Check if a Directed Graph Contains an Eulerian Path in C++

The Euler path is a path using which we can visit every edge exactly once in a graph. The same vertex can be used for multiple times. The source and destination nodes in the Euler path are different. If the source and destination node become the same, then the Eulerian path is also an Eulerian cycle. In this article, our task is to check if there exists an Eulerian path in the given directed graph.

Example of Eulerian Path

The figure below displays that an Eulerian path exists in the given directed graph. We can see that the starting and ending nodes are not the same in the Eulerian path.

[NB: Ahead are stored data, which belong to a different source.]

lemma Pi0_pair_equiv:
  assumes A: "pi_rel m (Suc 0) (\<lambda>xs. A (xs ! 0))"
  shows "Pi0 m (pair_equiv A)"
proof -
  have "prim_rec_tuple (Suc (Suc 0)) (Suc 0) (\<lambda>xs. [fst (prod_decode (xs ! 0))])"
    by (intro prim_rec_tuple_Cons prim_rec_tuple_Nil prim_rec_fst_prod_decode prim_rec_proj) simp
  from sigma_rel_compose[OF A[unfolded pi_rel_def] this]
  have not_A: "sigma_rel m (Suc (Suc 0)) (\<lambda>xs. \<not> A (fst (prod_decode (xs ! 0))))"
    by simp
  have "sigma_rel m (Suc (Suc 0)) (\<lambda>xs. xs ! 0 \<noteq> xs ! 1)"
    and "sigma_rel m (Suc (Suc 0)) (\<lambda>xs. fst (prod_decode (xs ! 0)) \<noteq> fst (prod_decode (xs ! 1)))"
    by (intro sigma_rel_of_prim_rec_rel prim_rec_rel_not prim_rec_rel_eq prim_rec_fst_prod_decode
        prim_rec_proj; simp)+
  from sigma_rel_conj[OF this(1) sigma_rel_disj[OF this(2) not_A]] show ?thesis
    unfolding Pi0_def pi_rel_def numeral_2_eq_2 by (rule sigma_rel_cong) (auto simp: pair_equiv_def)
qed

lemma sigma_rel_of_Sigma0_pair_equiv:
  assumes E: "Sigma0 m (pair_equiv A)"
  shows "sigma_rel m (Suc 0) (\<lambda>xs. A (xs ! 0))"
proof -
  have "prim_rec_tuple (Suc 0) (Suc (Suc 0)) (\<lambda>xs. [prod_encode (xs ! 0, 0), prod_encode (xs ! 0, 1)])"
    by (intro prim_rec_tuple_Cons prim_rec_tuple_Nil prim_rec_prod_encode prim_rec_proj prim_rec_const)
      simp_all
  from sigma_rel_compose[OF E[unfolded Sigma0_def numeral_2_eq_2] this] show ?thesis
    by (rule sigma_rel_cong) (simp add: pair_equiv_def)
qed

theorem proposition3p1:
  fixes n :: nat
  assumes "n \<ge> 1"
  shows "(\<forall>E. equiv UNIV E \<and> \<not> Sigma0 n E \<longrightarrow> \<not> Sigma0_graphable n E)
       \<and> (\<exists>E. equiv UNIV E \<and> Pi0 n E \<and> \<not> Sigma0_graphable n E)"
proof -
  obtain m where n: "n = Suc m"
    using assms by (cases n) auto
  obtain A where A: "pi_rel n (Suc 0) (\<lambda>xs. A (xs ! 0))" "\<not> sigma_rel n (Suc 0) (\<lambda>xs. A (xs ! 0))"
    unfolding n using ex_pi_rel_not_sigma_rel by blast
  have "\<not> Sigma0 n (pair_equiv A)"
    using A(2) sigma_rel_of_Sigma0_pair_equiv by blast
  moreover have "Pi0 n (pair_equiv A)"
    using A(1) by (rule Pi0_pair_equiv)
  ultimately show ?thesis
    using equiv_pair_equiv Sigma0_graphable_imp_Sigma0 unfolding n by blast
qed

end
lemma contract_normal_dGmet_first:
  "(\<Sum>e\<in>UNIV. \<nu> e * dGmet c \<nu> H T e a b)
     = - 2 * H a b + 6*c * Hsq a b - 2*c^2 * (\<Sum>k\<in>UNIV. Hsq a k * H k b + H a k * Hsq k b)"
proof -
  have "(\<Sum>e\<in>UNIV. \<nu> e * dGmet c \<nu> H T e a b)
      = - 2 * (\<Sum>e\<in>UNIV. \<nu> e * \<nu> e) * H a b - 2*c * (\<Sum>e\<in>UNIV. \<nu> e * T e a b)
        + 4*c * (\<Sum>e\<in>UNIV. \<nu> e * \<nu> e) * (\<Sum>k\<in>UNIV. H a k * H k b)
        + 2*c^2 * ((\<Sum>e\<in>UNIV. \<nu> e * (\<Sum>k\<in>UNIV. T e a k * H k b))
                 + (\<Sum>e\<in>UNIV. \<nu> e * (\<Sum>k\<in>UNIV. H a k * T e k b)))"
    by (simp add: dGmet_def algebra_simps sum.distrib sum_distrib_left sum_distrib_right sum_subtractf sum_negf)
  also have "\<dots> = - 2 * H a b + 6*c * Hsq a b - 2*c^2 * (\<Sum>k\<in>UNIV. Hsq a k * H k b + H a k * Hsq k b)"
  proof -
    have "(\<Sum>e\<in>UNIV. \<nu> e * (\<Sum>k\<in>UNIV. T e a k * H k b)) = - (\<Sum>k\<in>UNIV. Hsq a k * H k b)"
      by (simp add: sum_sum_mult_swap contract_normal_T_first sum_negf)
    moreover have "(\<Sum>e\<in>UNIV. \<nu> e * (\<Sum>k\<in>UNIV. H a k * T e k b)) = - (\<Sum>k\<in>UNIV. H a k * Hsq k b)"
      using contract_normal_T_first by (simp add: sum_mult_sum_swap mult.commute[of _ "\<nu> _"] sum_negf)
    ultimately show ?thesis
      unfolding unit contract_normal_T_first Hsq_matrix_product by (simp add: sum.distrib algebra_simps)
  qed
  finally show ?thesis .
qed

theorem hessG_contraction:
  "H a b - 1/2 * (\<Sum>e\<in>UNIV. \<nu> e * (dGmet c \<nu> H T a b e + dGmet c \<nu> H T b a e - dGmet c \<nu> H T e a b))
     = c * Hsq a b"
  by (simp add: sum.distrib sum_subtractf algebra_simps contract_normal_dGmet_last contract_normal_dGmet_first
      H_Hsq_comm Hsq_sym[of b a])

end

context
  fixes d :: "real^'n \<Rightarrow> real" and N :: "(real^'n) set"
  assumes N: "open N" "smooth_on N d"
    and eikonal: "\<forall>x\<in>N. norm (grad d x) = 1"
begin

lemma differentiable_pd:
  "y \<in> N \<Longrightarrow> d differentiable at y" "y \<in> N \<Longrightarrow> pd d i differentiable at y"
  "y \<in> N \<Longrightarrow> pd (pd d i) j differentiable at y"
  using smooth_on_imp_differentiable_at[OF N(1)] smooth_on_pd N(2) by blast+

lemma eikonal_sum_sq: "x \<in> N \<Longrightarrow> (\<Sum>e\<in>UNIV. pd d e x * pd d e x) = 1"
  using eikonal by (simp add: norm_eq_1 inner_vec_def grad_def)

lemma eikonal_hess_normal:
  assumes x: "x \<in> N"
  shows "(\<Sum>e\<in>UNIV. pd (pd d e) p x * pd d e x) = 0"
proof -
  have "pd (\<lambda>y. \<Sum>e\<in>UNIV. pd d e y * pd d e y) p x = 0"
    by (rule pd_locally_const[OF N(1) x eikonal_sum_sq])
  then have "(\<Sum>e\<in>UNIV. 2 * (pd (pd d e) p x * pd d e x)) = 0"
    using x by (simp add: pd_sum_mult differentiable_pd mult.commute)
  then show ?thesis by (simp add: sum_distrib_left[symmetric])
qed

lemma eikonal_third_normal:
  assumes x: "x \<in> N"
  shows "(\<Sum>e\<in>UNIV. pd (pd (pd d e) p) a x * pd d e x) = - (\<Sum>e\<in>UNIV. pd (pd d e) p x * pd (pd d e) a x)"
proof -
  have "pd (\<lambda>y. \<Sum>e\<in>UNIV. pd (pd d e) p y * pd d e y) a x = 0"
    by (rule pd_locally_const[OF N(1) x eikonal_hess_normal])
  then show ?thesis
    using x by (simp add: pd_sum_mult differentiable_pd sum.distrib eq_neg_iff_add_eq_0)
qed

lemma hess_sym: "x \<in> N \<Longrightarrow> pd (pd d q) p x = pd (pd d p) q x"
  by (rule pd_pd_commute[OF N])

lemma third_pd_sym:
  assumes x: "x \<in> N"
  shows "pd (pd (pd d b) a) e x = pd (pd (pd d e) a) b x"
proof -
  have "pd (pd (pd d b) a) e x = pd (pd (pd d a) b) e x"
    by (rule pd_cong_open[OF N(1) x]) (simp add: hess_sym)
  also have "\<dots> = pd (pd (pd d a) e) b x"
    by (rule pd_pd_commute[OF N(1) smooth_on_pd[OF N(2)] x])
  also have "\<dots> = pd (pd (pd d e) a) b x"
    by (rule pd_cong_open[OF N(1) x]) (simp add: hess_sym)
  finally show ?thesis .
qed

lemma pd_Gmet:
  assumes x: "x \<in> N"
  shows "pd (\<lambda>y. Gmet d y $ b $ e) a x
    = dGmet (d x) (\<lambda>e. pd d e x) (\<lambda>p q. pd (pd d q) p x) (\<lambda>c p q. pd (pd (pd d q) p) c x) a b e"
proof -
  have entry: "(\<lambda>y. Gmet d y $ b $ e) = (\<lambda>y. (if b = e then 1 else 0) - 2 * d y * pd (pd d e) b y
      + 2 * (d y * d y) * (\<Sum>k\<in>UNIV. pd (pd d k) b y * pd (pd d e) k y))"
    by (simp add: fun_eq_iff Gmet_def hess_def matrix_matrix_mult_def mat_def power2_eq_square)
  show ?thesis
    unfolding entry using x by (simp add: pd_add pd_diff pd_mult pd_const pd_sum differentiable_pd dGmet_def
        algebra_simps power2_eq_square)
qed

theorem hessG_Gmet_eikonal:
  assumes x: "x \<in> N"
  shows "hessG (Gmet d) d x a b = d x * (\<Sum>r\<in>UNIV. pd (pd d r) a x * pd (pd d r) b x)"
proof -
  define \<nu> where "\<nu> = (\<lambda>e. pd d e x)"
  define H where "H = (\<lambda>p q. pd (pd d q) p x)"
  define T where "T = (\<lambda>c p q. pd (pd (pd d q) p) c x)"
  interpret eikonal_jet \<nu> H T
  proof
    show "H p q = H q p" for p q
      using hess_sym[OF x] by (simp add: H_def)
    show "(\<Sum>e\<in>UNIV. \<nu> e * \<nu> e) = 1"
      using eikonal_sum_sq[OF x] by (simp add: \<nu>_def)
    show "(\<Sum>e\<in>UNIV. H p e * \<nu> e) = 0" for p
      using eikonal_hess_normal[OF x] by (simp add: H_def \<nu>_def)
    show "(\<Sum>e\<in>UNIV. T a p e * \<nu> e) = - (\<Sum>e\<in>UNIV. H p e * H a e)" for a p
      using eikonal_third_normal[OF x] by (simp add: T_def H_def \<nu>_def)
    show "T e a b = T b a e" for e a b
      using third_pd_sym[OF x] by (simp add: T_def)
  qed
  have "transpose (hess d x) = hess d x" "hess d x *v grad d x = 0"
    using H_sym H_normal by (simp_all add: vec_eq_iff transpose_def hess_def grad_def H_def \<nu>_def
        matrix_vector_mult_def)
  then have "grad d x v* matrix_inv (Gmet d x) = grad d x"
    unfolding Gmet_def by (rule Gmet_matrix_inv_fixes_kernel)
  from christoffel_contract_fixed_covector[where G = "Gmet d", OF this]
  have "hessG (Gmet d) d x a b
      = H a b - 1/2 * (\<Sum>e\<in>UNIV. \<nu> e * (dGmet (d x) \<nu> H T a b e + dGmet (d x) \<nu> H T b a e
                                           - dGmet (d x) \<nu> H T e a b))"
    using x by (simp add: hessG_def grad_def pd_Gmet \<nu>_def H_def T_def)
  also have "\<dots> = d x * Hsq a b"
    by (rule hessG_contraction)
  finally show ?thesis unfolding Hsq_def by (simp add: H_def)
qed
(* Let $c\ge 1$, let $\ell$ be a $c$-approximate pseudo-metric on $\mathcal{Y}$, and let $\mathcal{H}\subseteq\mathcal{Y}^{\mathcal{X}}$ satisfy $\operatorname{diam}(\mathcal{H})<\infty$. Then every scaled Littlestone tree $\mathcal{T}$ realizable by $\mathcal{H}$ has a branch $b$ such that $\sum_{t}\gamma_{b_{\le t}}\le 4c\,\Phi(\mathcal{H})$ (sum over all internal nodes on the branch; over $t=0,\dots,D-1$ if the depth $D$ is finite). Consequently $\mathbb{D}_{\mathrm{onl}}(\mathcal{H})\le 4c\,\Phi(\mathcal{H})$.
   Context: Let $\mathcal{X}$ be a set (instance domain), $\mathcal{Y}$ a set (label space), $\ell:\mathcal{Y}\times\mathcal{Y}\to\mathbb{R}_{\ge0}$ a loss. For $c\ge1$, $\ell$ is a $c$-approximate pseudo-metric if $\ell(y,y)=0$, $\ell(y_1,y_2)=\ell(y_2,y_1)$, and $\ell(y_1,y_2)\le c(\ell(y_1,y_3)+\ell(y_2,y_3))$ for all $y_1,y_2,y_3\in\mathcal{Y}$. For $\mathcal{H}\subseteq\mathcal{Y}^{\mathcal{X}}$ define $d_\ell(f,g)=\sup_{x\in\mathcal{X}}\ell(f(x),g(x))$ and $\operatorname{diam}(\mathcal{H})=\sup_{f,g\in\mathcal{H}}d_\ell(f,g)$. For $U\subseteq\mathcal{H}$ and $\varepsilon>0$, $N(U,\varepsilon)$ is the minimum cardinality of a set $S\subseteq\mathcal{H}$ such that every $u\in U$ has some $s\in S$ with $d_\ell(u,s)\le\varepsilon$ ($+\infty$ if no finite such set exists). The entropy potential is $\Phi(U)=\int_0^{\operatorname{diam}(\mathcal{H})}\log_2 N(U,\varepsilon)\,d\varepsilon\in[0,+\infty]$. A scaled Littlestone tree of depth $D\le\infty$ is a complete binary tree whose internal nodes $u\in\{0,1\}^{<D}$ are labeled by $x_u\in\mathcal{X}$ and whose two outgoing edges are labeled $s_{u,0},s_{u,1}\in\mathcal{Y}$; the gap at $u$ is $\gamma_u=\ell(s_{u,0},s_{u,1})$. It is realizable by $\mathcal{H}$ if for every branch $b\in\{0,1\}^D$ and every finite $n\le D$ there is $h\in\mathcal{H}$ with $h(x_{b_{\le t}})=s_{b_{\le t},b_{t+1}}$ for $t=0,\dots,n-1$, where $b_{\le t}$ is the length-$t$ prefix of $b$. The online dimension is $\mathbb{D}_{\mathrm{onl}}(\mathcal{H})=\sup_{\mathcal{T}}\inf_{b}\sum_{t=0}^{D(\mathcal{T})-1}\gamma_{b_{\le t}}$, the sup over scaled Littlestone trees $\mathcal{T}$ realizable by $\mathcal{H}$ (of any depth $D(\mathcal{T})\le\infty$) and the inf over branches $b$ of $\mathcal{T}$. *)

theory Defs
  imports "HOL-Analysis.Analysis"
begin

definition approx_pseudo_metric :: "real \<Rightarrow> ('y \<Rightarrow> 'y \<Rightarrow> real) \<Rightarrow> bool" where
  "approx_pseudo_metric c l \<longleftrightarrow>
     c \<ge> 1 \<and> (\<forall>y1 y2. l y1 y2 \<ge> 0) \<and> (\<forall>y. l y y = 0) \<and> (\<forall>y1 y2. l y1 y2 = l y2 y1) \<and>
     (\<forall>y1 y2 y3. l y1 y2 \<le> c * (l y1 y3 + l y2 y3))"

definition dist_l :: "('y \<Rightarrow> 'y \<Rightarrow> real) \<Rightarrow> ('x \<Rightarrow> 'y) \<Rightarrow> ('x \<Rightarrow> 'y) \<Rightarrow> ennreal" where
  "dist_l l f g = (SUP x. ennreal (l (f x) (g x)))"

definition diam_l :: "('y \<Rightarrow> 'y \<Rightarrow> real) \<Rightarrow> ('x \<Rightarrow> 'y) set \<Rightarrow> ennreal" where
  "diam_l l H = (SUP f\<in>H. SUP g\<in>H. dist_l l f g)"

text \<open>Covering number N(U,eps) with centres from H (infinity if no finite cover exists).\<close>
definition cover_num :: "('y \<Rightarrow> 'y \<Rightarrow> real) \<Rightarrow> ('x \<Rightarrow> 'y) set \<Rightarrow> ('x \<Rightarrow> 'y) set \<Rightarrow> real \<Rightarrow> enat" where
  "cover_num l H U eps = Inf {enat (card S) | S. finite S \<and> S \<subseteq> H \<and>
        (\<forall>u\<in>U. \<exists>s\<in>S. dist_l l u s \<le> ennreal eps)}"

definition log2_enat :: "enat \<Rightarrow> ennreal" where
  "log2_enat n = (case n of enat k \<Rightarrow> ennreal (log 2 (real k)) | \<infinity> \<Rightarrow> \<infinity>)"

definition entropy_potential :: "('y \<Rightarrow> 'y \<Rightarrow> real) \<Rightarrow> ('x \<Rightarrow> 'y) set \<Rightarrow> ('x \<Rightarrow> 'y) set \<Rightarrow> ennreal" where
  "entropy_potential l H U =
     (\<integral>\<^sup>+ eps. log2_enat (cover_num l H U eps) *
         indicator {e. 0 \<le> e \<and> ennreal e \<le> diam_l l H} eps \<partial>lborel)"

text \<open>Scaled Littlestone trees: depth D (an enat, possibly infinite), node labels
  X :: bool list \<Rightarrow> 'x and edge labels S :: bool list \<Rightarrow> bool \<Rightarrow> 'y; internal nodes are
  the lists u with length u < D.  Branches are infinite bool sequences b; only their first
  D entries matter.  The length-t prefix of b is map b [0..<t], and the edge taken at that
  node is b t.\<close>

definition prefix_of :: "(nat \<Rightarrow> bool) \<Rightarrow> nat \<Rightarrow> bool list" where
  "prefix_of b t = map b [0..<t]"

definition realizable ::
  "('x \<Rightarrow> 'y) set \<Rightarrow> enat \<Rightarrow> (bool list \<Rightarrow> 'x) \<Rightarrow> (bool list \<Rightarrow> bool \<Rightarrow> 'y) \<Rightarrow> bool" where
  "realizable H D X S \<longleftrightarrow>
     (\<forall>b. \<forall>n::nat. enat n \<le> D \<longrightarrow>
        (\<exists>h\<in>H. \<forall>t<n. h (X (prefix_of b t)) = S (prefix_of b t) (b t)))"

definition branch_gain ::
  "('y \<Rightarrow> 'y \<Rightarrow> real) \<Rightarrow> enat \<Rightarrow> (bool list \<Rightarrow> bool \<Rightarrow> 'y) \<Rightarrow> (nat \<Rightarrow> bool) \<Rightarrow> ennreal" where
  "branch_gain l D S b =
     (\<Sum>t. if enat t < D then ennreal (l (S (prefix_of b t) False) (S (prefix_of b t) True)) else 0)"

definition online_dim :: "('y \<Rightarrow> 'y \<Rightarrow> real) \<Rightarrow> ('x \<Rightarrow> 'y) set \<Rightarrow> ennreal" where
  "online_dim l H =
     (SUP T \<in> {(D, X, S). realizable H D X S}.
        (case T of (D, X, S) \<Rightarrow> (INF b. branch_gain l D S b)))"

end

theory Submission
  imports Defs
begin

text \<open>
  Let a node query x with edge labels y0, y1 at gap \<gamma>, and split the current version space V
  into the hypotheses V0, V1 answering y0 resp. y1. At a scale \<epsilon> < \<gamma>/(2c) no centre can be
  \<epsilon>-close to hypotheses from both sides (approximate triangle inequality at x), so an optimal
  \<epsilon>-cover of V splits into covers of V0 and V1: N(V0,\<epsilon>) + N(V1,\<epsilon>) \<le> N(V,\<epsilon>). By AM-GM,
  log N(V0,\<epsilon>) + log N(V1,\<epsilon>) + 2 \<le> 2 log N(V,\<epsilon>), and integrating over \<epsilon> gives
  \<Phi>(V0) + \<Phi>(V1) + \<gamma>/c \<le> 2 \<Phi>(V). Hence the child of smaller potential has potential at most
  \<Phi>(V) - \<gamma>/(2c), and always descending into it yields a branch whose gaps sum to at most
  2c \<Phi>(H), half the claimed bound.
\<close>

lemma cover_num_le_card:
  assumes "finite S" "S \<subseteq> H" "\<forall>u\<in>U. \<exists>s\<in>S. dist_l l u s \<le> ennreal e"
  shows "cover_num l H U e \<le> enat (card S)"
  unfolding cover_num_def using assms by (intro Inf_lower) blast

lemma cover_num_enatE:
  assumes "cover_num l H U e = enat k"
  obtains S where "finite S" "S \<subseteq> H" "\<forall>u\<in>U. \<exists>s\<in>S. dist_l l u s \<le> ennreal e" "card S = k"
proof -
  let ?A = "{enat (card S) | S. finite S \<and> S \<subseteq> H \<and> (\<forall>u\<in>U. \<exists>s\<in>S. dist_l l u s \<le> ennreal e)}"
  have "?A \<noteq> {}"
  proof
    assume "?A = {}"
    then have "Inf ?A = \<infinity>"
      by (simp only: Inf_empty top_enat_def)
    with assms show False
      by (simp add: cover_num_def)
  qed
  then have "Inf ?A \<in> ?A"
    unfolding Inf_enat_def by (auto intro: LeastI)
  then show thesis
    using assms that unfolding cover_num_def by auto
qed

lemma cover_num_mono:
  "U \<subseteq> U' \<Longrightarrow> cover_num l H U e \<le> cover_num l H U' e"
  unfolding cover_num_def by (intro Inf_superset_mono) blast

lemma cover_num_antimono_radius:
  "e \<le> e' \<Longrightarrow> cover_num l H U e' \<le> cover_num l H U e"
  unfolding cover_num_def by (intro Inf_superset_mono) (fastforce intro: order_trans ennreal_leI)

lemma one_le_cover_num:
  assumes "U \<noteq> {}"
  shows "1 \<le> cover_num l H U e"
  unfolding cover_num_def
proof (rule Inf_greatest)
  fix n assume "n \<in> {enat (card S) | S. finite S \<and> S \<subseteq> H \<and> (\<forall>u\<in>U. \<exists>s\<in>S. dist_l l u s \<le> ennreal e)}"
  then obtain S where "n = enat (card S)" "finite S" "\<forall>u\<in>U. \<exists>s\<in>S. dist_l l u s \<le> ennreal e"
    by blast
  moreover from this(3) have "S \<noteq> {}"
    using assms by blast
  ultimately show "1 \<le> n"
    by (simp add: Suc_leI card_gt_0_iff one_enat_def)
qed

lemma loss_le_dist_l: "ennreal (l (f x) (g x)) \<le> dist_l l f g"
  unfolding dist_l_def by (rule SUP_upper) simp

lemma loss_le_diam_l:
  assumes "f \<in> H" "g \<in> H"
  shows "ennreal (l (f x) (g x)) \<le> diam_l l H"
proof -
  have "ennreal (l (f x) (g x)) \<le> dist_l l f g"
    by (rule loss_le_dist_l)
  also have "\<dots> \<le> diam_l l H"
    unfolding diam_l_def by (rule SUP_upper2[OF assms(1)]) (rule SUP_upper[OF assms(2)])
  finally show ?thesis .
qed

lemma loss_le_through_center:
  assumes "approx_pseudo_metric c l" "0 \<le> e"
    and "dist_l l f s \<le> ennreal e" "dist_l l g s \<le> ennreal e"
  shows "l (f x) (g x) \<le> 2 * c * e"
proof -
  have "l (f x) (s x) \<le> e" "l (g x) (s x) \<le> e"
    using assms(2-4) loss_le_dist_l[of l f x s] loss_le_dist_l[of l g x s]
    by (auto simp: ennreal_le_iff dest: order_trans)
  moreover have "c \<ge> 0"
    using assms(1) unfolding approx_pseudo_metric_def by auto
  ultimately have "c * (l (f x) (s x) + l (g x) (s x)) \<le> c * (e + e)"
    by (intro mult_left_mono) auto
  moreover have "l (f x) (g x) \<le> c * (l (f x) (s x) + l (g x) (s x))"
    using assms(1) unfolding approx_pseudo_metric_def by blast
  ultimately show ?thesis
    by simp
qed

lemma cover_num_split:
  assumes "approx_pseudo_metric c l" "0 \<le> e" "2 * c * e < l y0 y1"
    and "U0 \<subseteq> {h\<in>U. h x = y0}" "U1 \<subseteq> {h\<in>U. h x = y1}"
  shows "cover_num l H U0 e + cover_num l H U1 e \<le> cover_num l H U e"
proof (cases "cover_num l H U e")
  case (enat k)
  then obtain S where S: "finite S" "S \<subseteq> H" "\<forall>u\<in>U. \<exists>s\<in>S. dist_l l u s \<le> ennreal e" "card S = k"
    by (rule cover_num_enatE)
  define centers where "centers V = {s\<in>S. \<exists>u\<in>V. dist_l l u s \<le> ennreal e}" for V
  have restrict: "cover_num l H V e \<le> enat (card (centers V))" if "V \<subseteq> U" for V
  proof (rule cover_num_le_card)
    show "finite (centers V)" "centers V \<subseteq> H"
      using S by (auto simp: centers_def)
    show "\<forall>u\<in>V. \<exists>s\<in>centers V. dist_l l u s \<le> ennreal e"
      using S(3) that unfolding centers_def by blast
  qed
  have "centers U0 \<inter> centers U1 = {}"
  proof (rule equals0I)
    fix s assume "s \<in> centers U0 \<inter> centers U1"
    then obtain u0 u1 where "u0 \<in> U0" "u1 \<in> U1"
      and "dist_l l u0 s \<le> ennreal e" "dist_l l u1 s \<le> ennreal e"
      by (auto simp: centers_def)
    then have "l (u0 x) (u1 x) \<le> 2 * c * e" "u0 x = y0" "u1 x = y1"
      using loss_le_through_center[OF assms(1,2)] assms(4,5) by auto
    with assms(3) show False
      by simp
  qed
  then have card_centers: "card (centers U0) + card (centers U1) \<le> card S"
    using S(1) by (simp add: card_Un_disjoint[symmetric] card_mono centers_def)
  have "cover_num l H U0 e + cover_num l H U1 e \<le> enat (card (centers U0)) + enat (card (centers U1))"
    using assms(4,5) by (intro add_mono restrict) auto
  also have "\<dots> \<le> cover_num l H U e"
    using card_centers S(4) enat by simp
  finally show ?thesis .
qed simp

Conditions for Checking Eulerian Path in Directed Graph

The conditions for checking an directed graph if there is any Eulerian path or not, are given below. If any of these conditions fails, the graph has no Eulerian path.

• Condition 1: The given directed graph should be a connected graph either strongly connected or weekly connected.
• Condition 2: There must be one single vertex a_n such as in-degree + 1 = out-degree.
• Condition 3: There must be one single vertex b_n such as in-degree = out-degree + 1.
• Condition 4: The remaining vertices should have in-degree = out-degree.

Steps to Check Eulerian Path in Directed Graph

The steps given below are used to check if the given directed graph has an Eulerian path or not:

• We defined the number of nodes and provided the adjacency matrix of the graph.
• Then we check all the conditions required for the Eulerian path in the graph.
• First, we check if the graph is connected or not. For this, we have used the Depth-First Search(DFS) algorithm to mark the nodes as visited.
• In the hasEulerianPath() function, we have defined two counter variables i.e., in and out that keep the count of in-degree and out-degree of the nodes.
• Using the in and out-degree count of the nodes, we check for the remaining conditions(Condition 2, Condition 3, Condition 4) using the if/else condition and increase the counter start_nodes and end_nodes.
• If the value of start_nodes and end_nodes is 1, then it satisfies condition 2 (in-degree + 1 = out-degree) and condition 3 (in-degree = out-degree + 1) respectively.
• If all the conditions hold true, it returns "Eulerian Path Found".

C++ Implementation of Checking Eulerian Path in Directed Graph

The following code implements the above steps to check the directed graph for the Eulerian path.

#include <iostream>
#include <vector>
#include <stack>
#define NODE 5
using namespace std;

int graph[NODE][NODE] = {
    {0, 0, 1, 1, 0},
    {1, 0, 1, 0, 0},
    {0, 0, 0, 1, 0},
    {0, 1, 0, 0, 1},
    {1, 0, 0, 0, 0}
};

// Function to implement DFS
void dfs(int u, bool visited[], int g[NODE][NODE]) {
    visited[u] = true;
    for (int v = 0; v < NODE; v++) {
        if (g[u][v] && !visited[v])
            dfs(v, visited, g);
    }
}

// Function for checking if graph is connected or not 
bool isConnected() {
    bool visited[NODE] = {false};
    int start = -1;
    
    
    for (int i = 0; i < NODE; i++) {
        for (int j = 0; j < NODE; j++) {
            if (graph[i][j]) {
                start = i;
                break;
            }
        }
        if (start != -1) 
            break;
    }

    if (start == -1) 
        return true; 

    dfs(start, visited, graph);

    // Checking if all nodes are visited or not
    for (int i = 0; i < NODE; i++) {
        for (int j = 0; j < NODE; j++) {
            if ((graph[i][j] || graph[j][i]) && !visited[i])
                return false;
        }
    }

    return true;
}

// Function for checking if graph has Eulerian Path
bool hasEulerianPath() {
    if (!isConnected())
        return false;

    vector<int> in(NODE, 0), out(NODE, 0);
    for (int i = 0; i < NODE; i++) {
        for (int j = 0; j < NODE; j++) {
            if (graph[i][j]) {
                out[i]++;
                in[j]++;
            }
        }
    }

    int start_nodes = 0, end_nodes = 0;
    for (int i = 0; i < NODE; i++) {
        if (out[i] - in[i] == 1)    // Condition 2
            start_nodes++;
        else if (in[i] - out[i] == 1)   // Condition 3
            end_nodes++;
        else if (in[i] != out[i])   // Condition 4
            return false;
    }

    if ((start_nodes == 1 && end_nodes == 1) || (start_nodes == 0 && end_nodes == 0))
        return true;

    return false;
}

int main() {
    if (hasEulerianPath())
        cout << "Eulerian Path Found.";
    else
        cout << "No Eulerian Path Found.";
    return 0;
}

The output of the above code is as follows:

Eulerian Path Found.

Complexity to Check Eulerian Path in Directed Graph

• Time Complexity: The time complexity for checking the Eulerian path in the directed graph is O(v^2).
• Space Complexity: The space complexity for checking the Eulerian path in the directed graph is O(V^2).